Однако у Крумрайха уже не было такой подвижности, как смолоду. Сейчас он был далек от мысли о безрассудных действиях или поездках. И вновь ожившая мечта, теперь туманная и сладкая, без осязаемой и зримой формы, лишь подогревала в нем глухую неприязнь к большевикам. О чем-либо вроде концессии на Украине пока и речи быть не может. Но долговечен ли колосс на глиняных ногах — советский, большевистский строй?

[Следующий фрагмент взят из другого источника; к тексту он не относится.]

(* Let $F\leq F'\leq\hat F$ be permutation groups on $\Omega$. The closure of $G(F,F')$ in the topological group $\mathrm{Aut}(\mathcal{T}_d)$ (permutation topology) is $U(F')$. In particular, $G(F)$ is dense in $\mathrm{Aut}(\mathcal{T}_d)$ if and only if $F$ is transitive on $\Omega$.
   Context: Standing notation. $\Omega$ is a finite set with $d=|\Omega|\geq 3$, $\mathcal{T}_d$ is the $d$-regular tree with vertex set $V$ and set $E$ of non-oriented edges, and $\mathrm{Aut}(\mathcal{T}_d)$ carries the permutation topology (basis of identity neighbourhoods: pointwise stabilizers of finite vertex sets). Fix a coloring $c:E\to\Omega$ such that for every vertex $v$ its restriction $c_v$ to the set $E(v)$ of edges containing $v$ is a bijection onto $\Omega$. For $g\in\mathrm{Aut}(\mathcal{T}_d)$ and $v\in V$, the local permutation is $\sigma(g,v)=c_{gv}\circ g_v\circ c_v^{-1}\in\mathrm{Sym}(\Omega)$, where $g_v:E(v)\to E(gv)$ is induced by $g$. For $F\leq\mathrm{Sym}(\Omega)$: $U(F)=\{g:\sigma(g,v)\in F \ \forall v\}$; $G(F)=\{g:\sigma(g,v)\in F \text{ for all but finitely many } v\}$; $\hat F$ is the subgroup of permutations preserving each $F$-orbit. For $F\leq F'\leq\hat F$, $G(F,F')=G(F)\cap U(F')$. *)

theory Defs
  imports "HOL-Analysis.Abstract_Topology" "HOL-Algebra.Bij"
begin

text \<open>The tree is given by a vertex type 'v and a symmetric irreflexive adjacency
relation adj; the (non-oriented) edge colouring is a function c with c u v = c v u
for adjacent u, v (the colour of the edge {u,v}).\<close>

definition reduced_walk :: "('v \<Rightarrow> 'v \<Rightarrow> bool) \<Rightarrow> 'v list \<Rightarrow> bool" where
  "reduced_walk adj xs \<longleftrightarrow>
     (\<forall>i. Suc i < length xs \<longrightarrow> adj (xs ! i) (xs ! Suc i)) \<and>
     (\<forall>i. Suc (Suc i) < length xs \<longrightarrow> xs ! i \<noteq> xs ! Suc (Suc i))"

definition is_tree :: "('v \<Rightarrow> 'v \<Rightarrow> bool) \<Rightarrow> bool" where
  "is_tree adj \<longleftrightarrow>
     (\<forall>u v. adj u v \<longrightarrow> adj v u) \<and> (\<forall>v. \<not> adj v v) \<and>
     (\<forall>u v. adj\<^sup>*\<^sup>* u v) \<and>
     (\<not> (\<exists>xs. reduced_walk adj xs \<and> length xs \<ge> 2 \<and> hd xs = last xs))"

definition colored_regular_tree ::
  "'c set \<Rightarrow> nat \<Rightarrow> ('v \<Rightarrow> 'v \<Rightarrow> bool) \<Rightarrow> ('v \<Rightarrow> 'v \<Rightarrow> 'c) \<Rightarrow> bool" where
  "colored_regular_tree \<Omega> d adj c \<longleftrightarrow>
     finite \<Omega> \<and> card \<Omega> = d \<and> is_tree adj \<and>
     (\<forall>v. finite {w. adj v w} \<and> card {w. adj v w} = d) \<and>
     (\<forall>u v. adj u v \<longrightarrow> c u v = c v u) \<and>
     (\<forall>v. bij_betw (c v) {w. adj v w} \<Omega>)"

definition Aut :: "('v \<Rightarrow> 'v \<Rightarrow> bool) \<Rightarrow> ('v \<Rightarrow> 'v) set" where
  "Aut adj = {g. bij g \<and> (\<forall>u v. adj u v \<longleftrightarrow> adj (g u) (g v))}"

text \<open>Permutation topology: the identity neighbourhoods have as basis the pointwise
stabilisers of finite vertex sets; hence the basic neighbourhoods of g are the cosets
{h. h agrees with g on S}, S finite.\<close>
definition perm_open :: "('v \<Rightarrow> 'v \<Rightarrow> bool) \<Rightarrow> ('v \<Rightarrow> 'v) set \<Rightarrow> bool" where
  "perm_open adj U \<longleftrightarrow> U \<subseteq> Aut adj \<and>
     (\<forall>g\<in>U. \<exists>S. finite S \<and> {h \<in> Aut adj. \<forall>x\<in>S. h x = g x} \<subseteq> U)"

lemma istopology_perm_open: "istopology (perm_open adj)"
  unfolding istopology_def
proof safe
  fix S T assume S: "perm_open adj S" and T: "perm_open adj T"
  show "perm_open adj (S \<inter> T)"
    unfolding perm_open_def
  proof safe
    fix x assume "x \<in> S" "x \<in> T"
    then show "x \<in> Aut adj" using S unfolding perm_open_def by blast
  next
    fix g assume g: "g \<in> S" "g \<in> T"
    obtain A where A: "finite A" "{h \<in> Aut adj. \<forall>x\<in>A. h x = g x} \<subseteq> S"
      using S g unfolding perm_open_def by blast
    obtain B where B: "finite B" "{h \<in> Aut adj. \<forall>x\<in>B. h x = g x} \<subseteq> T"
      using T g unfolding perm_open_def by blast
    show "\<exists>C. finite C \<and> {h \<in> Aut adj. \<forall>x\<in>C. h x = g x} \<subseteq> S \<inter> T"
      by (rule exI[of _ "A \<union> B"]) (use A B in auto)
  qed
next
  fix K assume K: "\<forall>U\<in>K. perm_open adj U"
  show "perm_open adj (\<Union>K)"
    unfolding perm_open_def
  proof safe
    fix x U assume "x \<in> U" "U \<in> K"
    then show "x \<in> Aut adj" using K unfolding perm_open_def by blast
  next
    fix g U assume g: "g \<in> U" "U \<in> K"
    then obtain A where "finite A" "{h \<in> Aut adj. \<forall>x\<in>A. h x = g x} \<subseteq> U"
      using K unfolding perm_open_def by blast
    then show "\<exists>S. finite S \<and> {h \<in> Aut adj. \<forall>x\<in>S. h x = g x} \<subseteq> \<Union>K"
      using g by blast
  qed
qed

definition perm_topology :: "('v \<Rightarrow> 'v \<Rightarrow> bool) \<Rightarrow> ('v \<Rightarrow> 'v) topology" where
  "perm_topology adj = topology (perm_open adj)"

definition nbr :: "('v \<Rightarrow> 'v \<Rightarrow> bool) \<Rightarrow> ('v \<Rightarrow> 'v \<Rightarrow> 'c) \<Rightarrow> 'v \<Rightarrow> 'c \<Rightarrow> 'v" where
  "nbr adj c v a = (THE w. adj v w \<and> c v w = a)"

text \<open>sigma(g,v) = c_{gv} o g_v o c_v^{-1}, as an (extensional) permutation of Omega.\<close>
definition local_perm ::
  "'c set \<Rightarrow> ('v \<Rightarrow> 'v \<Rightarrow> bool) \<Rightarrow> ('v \<Rightarrow> 'v \<Rightarrow> 'c) \<Rightarrow> ('v \<Rightarrow> 'v) \<Rightarrow> 'v \<Rightarrow> ('c \<Rightarrow> 'c)" where
  "local_perm \<Omega> adj c g v = (\<lambda>a\<in>\<Omega>. c (g v) (g (nbr adj c v a)))"

definition U_grp ::
  "'c set \<Rightarrow> ('v \<Rightarrow> 'v \<Rightarrow> bool) \<Rightarrow> ('v \<Rightarrow> 'v \<Rightarrow> 'c) \<Rightarrow> ('c \<Rightarrow> 'c) set \<Rightarrow> ('v \<Rightarrow> 'v) set" where
  "U_grp \<Omega> adj c F = {g \<in> Aut adj. \<forall>v. local_perm \<Omega> adj c g v \<in> F}"

definition G_grp ::
  "'c set \<Rightarrow> ('v \<Rightarrow> 'v \<Rightarrow> bool) \<Rightarrow> ('v \<Rightarrow> 'v \<Rightarrow> 'c) \<Rightarrow> ('c \<Rightarrow> 'c) set \<Rightarrow> ('v \<Rightarrow> 'v) set" where
  "G_grp \<Omega> adj c F = {g \<in> Aut adj. finite {v. local_perm \<Omega> adj c g v \<notin> F}}"

definition G2_grp ::
  "'c set \<Rightarrow> ('v \<Rightarrow> 'v \<Rightarrow> bool) \<Rightarrow> ('v \<Rightarrow> 'v \<Rightarrow> 'c) \<Rightarrow> ('c \<Rightarrow> 'c) set \<Rightarrow> ('c \<Rightarrow> 'c) set \<Rightarrow> ('v \<Rightarrow> 'v) set" where
  "G2_grp \<Omega> adj c F F' = G_grp \<Omega> adj c F \<inter> U_grp \<Omega> adj c F'"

В Германии началась новая эпоха. Из Берлина разносился голос Гитлера, призывающего к походу на восток. Могущество фюрера крепло. Буквально на глазах страна преображалась. Повсюду выли моторы, шагали солдаты. И вот — уже Австрия подвластна Гитлеру, и вот — Чехословакия и Польша…

Крумрайх совсем воспрянул духом. Да, с Гитлером ему, конечно, по пути!

Светлым праздником для него выглядел день, когда несметные дивизии фашистов по всему огромнейшему фронту вторглись в Советский Союз. Гремят оркестры. Реет свастика на знаменах. Фюрер говорит: блицкриг, молниеносная война.

Крумрайх готовился недели через три поехать на «Святой Андрей».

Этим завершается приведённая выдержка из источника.